Learn From Past Mistakes
July 30, 2009
A couple months ago a local broker emailed this document to me: Trammell Crow-Lessons Learned (click here to download) He said it was a must read, very applicable to our current state of the market. After digesting the 90 pages, I felt like someone from the past had just sent me a ‘How to Survive in a Real Estate Slow Down Manual’ with the subtitle of ‘learn from my mistakes’. For CRE nerds like me the info contained is pure gold and amazingly prescient.
The Background: during the late 80’s Commercial Real Estate in Texas and the Southwest went though a complete melt-down.
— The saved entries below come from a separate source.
lemma theta_term_minus_one_block:
  assumes "q \<noteq> 0"
  shows "theta_term (-1) q (3 * m + 2) + theta_term (-1) q (3 * m + 3) + theta_term (-1) q (3 * m + 4)
       = theta_term (-1) (q ^ 9) (Suc m) - 2 * q * theta_term (-(q ^ 6)) (q ^ 9) (Suc m)"
proof -
  define s :: real where "s = (-1) ^ Suc m"
  define P where "P = (q ^ 9) ^ (Suc m)\<^sup>2"
  define B where "B = q ^ (6 * Suc m)"
  have "B \<noteq> 0"
    using assms by (simp add: B_def)
  have "s * s = 1"
    by (simp add: s_def power_mult_distrib[symmetric])
  then have "s \<noteq> 0"
    by auto
  have "1 / (s * B) = (s * s) / (s * B)"
    using \<open>s * s = 1\<close> by simp
  also have "\<dots> = s / B"
    using \<open>s \<noteq> 0\<close> by simp
  finally have inv_sB: "1 / (s * B) = s / B" .
  have signs: "(-1::real) ^ (3 * m + 2) = - s" "(-1::real) ^ (3 * m + 3) = s" "(-1::real) ^ (3 * m + 4) = - s"
    by (simp_all add: s_def power_add power_mult)
  have A2: "q ^ (3 * m + 2)\<^sup>2 = q * P / B"
    using power_squares_around_multiple_of_3(1)[of q m] \<open>B \<noteq> 0\<close> by (simp add: P_def B_def eq_divide_eq)
  have A3: "q ^ (3 * m + 3)\<^sup>2 = P" and A4: "q ^ (3 * m + 4)\<^sup>2 = q * P * B"
    unfolding P_def B_def by (rule power_squares_around_multiple_of_3(2,3))+
  have sB: "(-(q ^ 6)) ^ Suc m = s * B"
    by (simp add: s_def B_def power_mult power_add power_minus[of "q ^ 6"])
  have "theta_term (-1) (q ^ 9) (Suc m) - 2 * q * theta_term (-(q ^ 6)) (q ^ 9) (Suc m)
      = 2 * s * P - 2 * q * (P * (s * B + 1 / (s * B)))"
    unfolding theta_term_minus_one unfolding theta_term_def sB by (simp only: s_def P_def)
  also have "\<dots> = 2 * (- s) * (q * P / B) + 2 * s * P + 2 * (- s) * (q * P * B)"
    unfolding inv_sB by (simp add: algebra_simps)
  finally show ?thesis
    unfolding theta_term_minus_one signs A2 A3 A4 by simp
qed

lemma summable_theta_term_Suc:
  "\<bar>q\<bar> < 1 \<Longrightarrow> z \<noteq> 0 \<Longrightarrow> summable (\<lambda>n. theta_term z q (Suc n))"
  using summable_norm_cancel[OF summable_theta_term] by (subst summable_Suc_iff)

lemma sums_theta_term_Suc:
  "\<bar>q\<bar> < 1 \<Longrightarrow> z \<noteq> 0 \<Longrightarrow> (\<lambda>n. theta_term z q (Suc n)) sums (theta z q - 1)"
  using summable_sums[OF summable_theta_term_Suc] by (simp add: theta_def)

lemma sum_atLeastLessThan_3: "(\<Sum>i\<in>{k..<k + 3}. f i) = f k + f (Suc k) + f (Suc (Suc k))"
  by (simp add: numeral_3_eq_3)

theorem theta_minus_one_3_dissection:
  assumes "\<bar>q\<bar> < 1" "q \<noteq> 0"
  shows "theta (-1) q = theta (-1) (q ^ 9) - 2 * q * theta (-(q ^ 6)) (q ^ 9)"
proof -
  define T where "T = theta_term (-1) q"
  have q9: "\<bar>q ^ 9\<bar> < 1"
    using assms by (simp add: power_abs power_less_one_iff)
  have "summable (\<lambda>n. T (Suc n))"
    unfolding T_def using assms by (intro summable_theta_term_Suc) simp_all
  then have tail: "(\<Sum>n. T (n + 2)) = (\<Sum>n. T (Suc n)) - T 1"
    using suminf_split_head by (simp add: numeral_2_eq_2)
  have "(\<lambda>m. \<Sum>i\<in>{m * 3..<m * 3 + 3}. T (i + 2)) sums (\<Sum>n. T (n + 2))"
    using sums_group[OF summable_sums, of "\<lambda>n. T (n + 2)" 3] \<open>summable (\<lambda>n. T (Suc n))\<close>
    by (simp add: summable_Suc_iff[symmetric, of "\<lambda>n. T (Suc n)"] numeral_2_eq_2)
  moreover have "(\<Sum>i\<in>{m * 3..<m * 3 + 3}. T (i + 2))
      = theta_term (-1) (q ^ 9) (Suc m) - 2 * q * theta_term (-(q ^ 6)) (q ^ 9) (Suc m)" for m
  proof -
    have "m * 3 + 2 = 3 * m + 2" "Suc (m * 3) + 2 = 3 * m + 3" "Suc (Suc (m * 3)) + 2 = 3 * m + 4"
      by simp_all
    then show ?thesis
      unfolding sum_atLeastLessThan_3 T_def by (simp only: theta_term_minus_one_block[OF assms(2)])
  qed
  moreover have "(\<lambda>m. theta_term (-1) (q ^ 9) (Suc m) - 2 * q * theta_term (-(q ^ 6)) (q ^ 9) (Suc m))
      sums ((theta (-1) (q ^ 9) - 1) - 2 * q * (theta (-(q ^ 6)) (q ^ 9) - 1))"
    using assms q9 by (intro sums_diff sums_mult sums_theta_term_Suc) simp_all
  ultimately have "(\<Sum>n. T (n + 2)) = (theta (-1) (q ^ 9) - 1) - 2 * q * (theta (-(q ^ 6)) (q ^ 9) - 1)"
    by (simp add: sums_unique2)
  moreover have "T 1 = - 2 * q"
    by (simp add: T_def theta_term_minus_one)
  ultimately show ?thesis
    using tail by (simp add: theta_def T_def algebra_simps)
qed

section \<open>The two product expansions\<close>

lemma inv_partial_prod_mult_qpoch_square:
  assumes "\<forall>k. e k \<le> 2" "\<bar>x\<bar> < 1"
  shows "inv_partial_prod e K x * qpoch x x K ^ 2 = (\<Prod>k\<in>{1..K}. (1 - x ^ k) ^ (2 - e k))"
proof -
  have factor: "(1 / (1 - x ^ k)) ^ e k * (1 - x ^ k) ^ 2 = (1 - x ^ k) ^ (2 - e k)" if "k \<in> {1..K}" for k
  proof -
    have "\<bar>x ^ k\<bar> < 1"
      using that assms(2) by (simp add: power_abs power_less_one_iff)
    then have "1 - x ^ k \<noteq> 0"
      by auto
    moreover have "(1 - x ^ k) ^ 2 = (1 - x ^ k) ^ e k * (1 - x ^ k) ^ (2 - e k)"
      using assms(1) by (simp add: power_add[symmetric])
    ultimately show ?thesis
      by (simp add: power_one_over)
  qed
  show ?thesis
    unfolding inv_partial_prod_def qpoch_self prod_power_distrib prod.distrib[symmetric]
    by (rule prod.cong[OF refl factor])
qed

lemma prod_atLeastAtMost_6_blocks:
  fixes f :: "nat \<Rightarrow> 'a::comm_monoid_mult"
  shows "(\<Prod>k\<in>{1..6 * N}. f k)
       = (\<Prod>m<N. f (6 * m + 1) * f (6 * m + 2) * f (6 * m + 3) * f (6 * m + 4) * f (6 * m + 5) * f (6 * m + 6))"
proof (induction N)
  case (Suc N)
  have "6 * Suc N = Suc (Suc (Suc (Suc (Suc (Suc (6 * N))))))"
    by simp
  moreover have "6 * N + 2 = Suc (Suc (6 * N))" "6 * N + 3 = Suc (Suc (Suc (6 * N)))"
    "6 * N + 4 = Suc (Suc (Suc (Suc (6 * N))))" "6 * N + 5 = Suc (Suc (Suc (Suc (Suc (6 * N)))))"
    "6 * N + 6 = Suc (Suc (Suc (Suc (Suc (Suc (6 * N))))))"
    by simp_all
  ultimately show ?case
    using Suc by (simp only: prod.cl_ivl_Suc prod.lessThan_Suc) (simp add: mult_ac)
qed simp

(* The product of (1 - x^k)^(-exponent_res0 k) is (x^6;x^6) (x^3;x^6)^2 / (x;x)^2, and that of
   (1 - x^k)^(-exponent_res1 k) is (x^6;x^6) (x;x^6) (x^5;x^6) / (x;x)^2. *)
definition exponent_res0 :: "nat \<Rightarrow> nat" where
  "exponent_res0 k = (if k mod 6 = 3 then 0 else if k mod 6 = 0 then 1 else 2)"

definition exponent_res1 :: "nat \<Rightarrow> nat" where
  "exponent_res1 k = (if k mod 6 = 0 \<or> k mod 6 = 1 \<or> k mod 6 = 5 then 1 else 2)"

lemma qpoch_power_eq_prod: "qpoch (x ^ j) (x ^ 6) N = (\<Prod>m<N. 1 - x ^ (6 * m + j))"
  unfolding qpoch_def by (intro prod.cong refl) (simp only: power_mult[symmetric] power_add[symmetric] add.commute)

lemma exponent_res0_blocks:
  "exponent_res0 (6 * m + 1) = 2" "exponent_res0 (6 * m + 2) = 2" "exponent_res0 (6 * m + 3) = 0"
  "exponent_res0 (6 * m + 4) = 2" "exponent_res0 (6 * m + 5) = 2" "exponent_res0 (6 * m + 6) = 1"
  unfolding exponent_res0_def by presburger+

lemma exponent_res1_blocks:
  "exponent_res1 (6 * m + 1) = 1" "exponent_res1 (6 * m + 2) = 2" "exponent_res1 (6 * m + 3) = 2"
  "exponent_res1 (6 * m + 4) = 2" "exponent_res1 (6 * m + 5) = 1" "exponent_res1 (6 * m + 6) = 1"
  unfolding exponent_res1_def by presburger+

lemma inv_partial_prod_exponent_res0:
  assumes "\<bar>x\<bar> < 1"
  shows "inv_partial_prod exponent_res0 (6 * N) x * qpoch x x (6 * N) ^ 2
       = qpoch (x ^ 6) (x ^ 6) N * qpoch (x ^ 3) (x ^ 6) N ^ 2"
proof -
  have "\<forall>k. exponent_res0 k \<le> 2"
    by (simp add: exponent_res0_def)
  then show ?thesis
    unfolding inv_partial_prod_mult_qpoch_square[OF \<open>\<forall>k. exponent_res0 k \<le> 2\<close> assms]
      prod_atLeastAtMost_6_blocks qpoch_power_eq_prod exponent_res0_blocks
    by (simp add: prod.distrib power2_eq_square mult_ac)
qed

lemma inv_partial_prod_exponent_res1:
  assumes "\<bar>x\<bar> < 1"
  shows "inv_partial_prod exponent_res1 (6 * N) x * qpoch x x (6 * N) ^ 2
       = qpoch (x ^ 6) (x ^ 6) N * qpoch (x ^ 5) (x ^ 6) N * qpoch (x ^ 1) (x ^ 6) N"
proof -
  have "\<forall>k. exponent_res1 k \<le> 2"
    by (simp add: exponent_res1_def)
  then show ?thesis
    unfolding inv_partial_prod_mult_qpoch_square[OF \<open>\<forall>k. exponent_res1 k \<le> 2\<close> assms]
      prod_atLeastAtMost_6_blocks qpoch_power_eq_prod exponent_res1_blocks
    by (simp add: prod.distrib mult_ac)
qed

lemma sums_inv_prod_coeff_of_tendsto:
  assumes "\<forall>k. e k \<le> B" "\<bar>x\<bar> < 1" "0 < d"
    and lim: "(\<lambda>N. inv_partial_prod e (d * N) x * qpoch x x (d * N) ^ p) \<longlonglongrightarrow> L"
  shows "(\<lambda>n. inv_prod_coeff e n * x ^ n) sums (L / qpoch_inf x x ^ p)"
proof -
  define S where "S = (\<Sum>n. inv_prod_coeff e n * x ^ n)"
  have "strict_mono (\<lambda>N. d * N)"
    using assms(3) by (simp add: strict_mono_def)
  have "(\<lambda>N. inv_partial_prod e (d * N) x) \<longlonglongrightarrow> S"
    using LIMSEQ_subseq_LIMSEQ[OF inv_partial_prod_tendsto[OF assms(1,2)] \<open>strict_mono (\<lambda>N. d * N)\<close>]
    by (simp add: S_def o_def)
  moreover have "(\<lambda>N. qpoch x x (d * N)) \<longlonglongrightarrow> qpoch_inf x x"
    using LIMSEQ_subseq_LIMSEQ[OF qpoch_tendsto[OF assms(2)] \<open>strict_mono (\<lambda>N. d * N)\<close>]
    by (simp add: o_def)
  ultimately have "S * qpoch_inf x x ^ p = L"
    using LIMSEQ_unique[OF tendsto_mult[OF _ tendsto_power] lim] by blast
  moreover have "0 < qpoch_inf x x"
    using assms(2) by (intro qpoch_inf_pos)
  ultimately have "L / qpoch_inf x x ^ p = S"
    by (auto simp: divide_eq_eq)
  then show ?thesis
    using summable_sums[OF summable_norm_cancel[OF summable_inv_prod_coeff[OF assms(1,2)]]]
    by (simp add: S_def)
qed

lemma sums_inv_prod_coeff_exponent_res0:
  assumes "\<bar>x\<bar> < 1" "x \<noteq> 0"
  shows "(\<lambda>n. inv_prod_coeff exponent_res0 n * x ^ n) sums (theta (-1) (x ^ 3) / qpoch_inf x x ^ 2)"
proof (rule sums_inv_prod_coeff_of_tendsto)
  have x3: "\<bar>x ^ 3\<bar> < 1" "x ^ 3 \<noteq> 0" and x6: "\<bar>x ^ 6\<bar> < 1"
    using assms abs_power_less_one[OF assms(1), of 3] abs_power_less_one[OF assms(1), of 6] by simp_all
  show "\<forall>k. exponent_res0 k \<le> 2"
    by (simp add: exponent_res0_def)
  have "(\<lambda>N. qpoch (x ^ 6) (x ^ 6) N * qpoch (x ^ 3) (x ^ 6) N ^ 2)
      \<longlonglongrightarrow> qpoch_inf (x ^ 6) (x ^ 6) * qpoch_inf (x ^ 3) (x ^ 6) ^ 2"
    by (intro tendsto_mult tendsto_power qpoch_tendsto x6)
  also have "qpoch_inf (x ^ 6) (x ^ 6) * qpoch_inf (x ^ 3) (x ^ 6) ^ 2 = theta (-1) (x ^ 3)"
    using jacobi_triple_product[OF x3, of "-1"] by (simp add: power_mult[symmetric] power2_eq_square mult.assoc)
  finally show "(\<lambda>N. inv_partial_prod exponent_res0 (6 * N) x * qpoch x x (6 * N) ^ 2)
      \<longlonglongrightarrow> theta (-1) (x ^ 3)"
    unfolding inv_partial_prod_exponent_res0[OF assms(1)] .
qed (use assms in simp_all)

lemma sums_inv_prod_coeff_exponent_res1:
  assumes "\<bar>x\<bar> < 1" "x \<noteq> 0"
  shows "(\<lambda>n. inv_prod_coeff exponent_res1 n * x ^ n) sums (theta (-(x\<^sup>2)) (x ^ 3) / qpoch_inf x x ^ 2)"
proof (rule sums_inv_prod_coeff_of_tendsto)
  have x3: "\<bar>x ^ 3\<bar> < 1" "x ^ 3 \<noteq> 0" and x6: "\<bar>x ^ 6\<bar> < 1"
    using assms abs_power_less_one[OF assms(1), of 3] abs_power_less_one[OF assms(1), of 6] by simp_all
  show "\<forall>k. exponent_res1 k \<le> 2"
    by (simp add: exponent_res1_def)
  have "(\<lambda>N. qpoch (x ^ 6) (x ^ 6) N * qpoch (x ^ 5) (x ^ 6) N * qpoch (x ^ 1) (x ^ 6) N)
      \<longlonglongrightarrow> qpoch_inf (x ^ 6) (x ^ 6) * qpoch_inf (x ^ 5) (x ^ 6) * qpoch_inf (x ^ 1) (x ^ 6)"
    by (intro tendsto_mult qpoch_tendsto x6)
  also have "qpoch_inf (x ^ 6) (x ^ 6) * qpoch_inf (x ^ 5) (x ^ 6) * qpoch_inf (x ^ 1) (x ^ 6)
      = theta (-(x\<^sup>2)) (x ^ 3)"
  proof -
    have "-(-(x\<^sup>2) * x ^ 3) = x ^ 5" "-(x ^ 3 / -(x\<^sup>2)) = x ^ 1" "(x ^ 3)\<^sup>2 = x ^ 6"
      using assms(2) by (simp_all add: eval_nat_numeral field_simps)
    then show ?thesis
      using jacobi_triple_product[OF x3, of "-(x\<^sup>2)"] assms(2) by simp
  qed
  finally show "(\<lambda>N. inv_partial_prod exponent_res1 (6 * N) x * qpoch x x (6 * N) ^ 2)
      \<longlonglongrightarrow> theta (-(x\<^sup>2)) (x ^ 3)"
    unfolding inv_partial_prod_exponent_res1[OF assms(1)] .
qed (use assms in simp_all)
I won’t go into the history of that event, but right in the middle of it all was Trammell Crow. They had offices in all the major cities with an inventory of hundreds of properties suffering. In 1989 the head honcho at TC sent a memo around to all operating partners in the Southwest requesting a brain dump of all the things they did right and wrong during the slowdown. Essentially a list of lessons learned.
After reading this I was struck by how quickly our industry forgets things (20 yrs) and how history always repeats. I encourage all of you who are owners, brokers, bankers or investors in CRE to read this document and benefit from those that have already walked down the path we are now on.
For those of you who don’t have the time or would like the ‘Cliffs Notes’ version, here are my top take aways (quotes from the many memos):
- Pride kept us from cutting projects, debt, rents, and overhead in a timely manner (psychologists have proven that human psyche will take enormous risks before it will admit to a loss – “press the bet on the last hole” – “hidden odds for the house in Vegas” – etc.).
- Certainly, a good market tends to hide ones mistakes while a bad market overly dramatizes them.
- Doing or buying marginal deals because the money was available.
- Keep a conservative strategy as to bad times. Generally, we did not know we were in a bad market until it was very bad. Remember, it doesn’t pay to say “it can’t get worse or last much longer”.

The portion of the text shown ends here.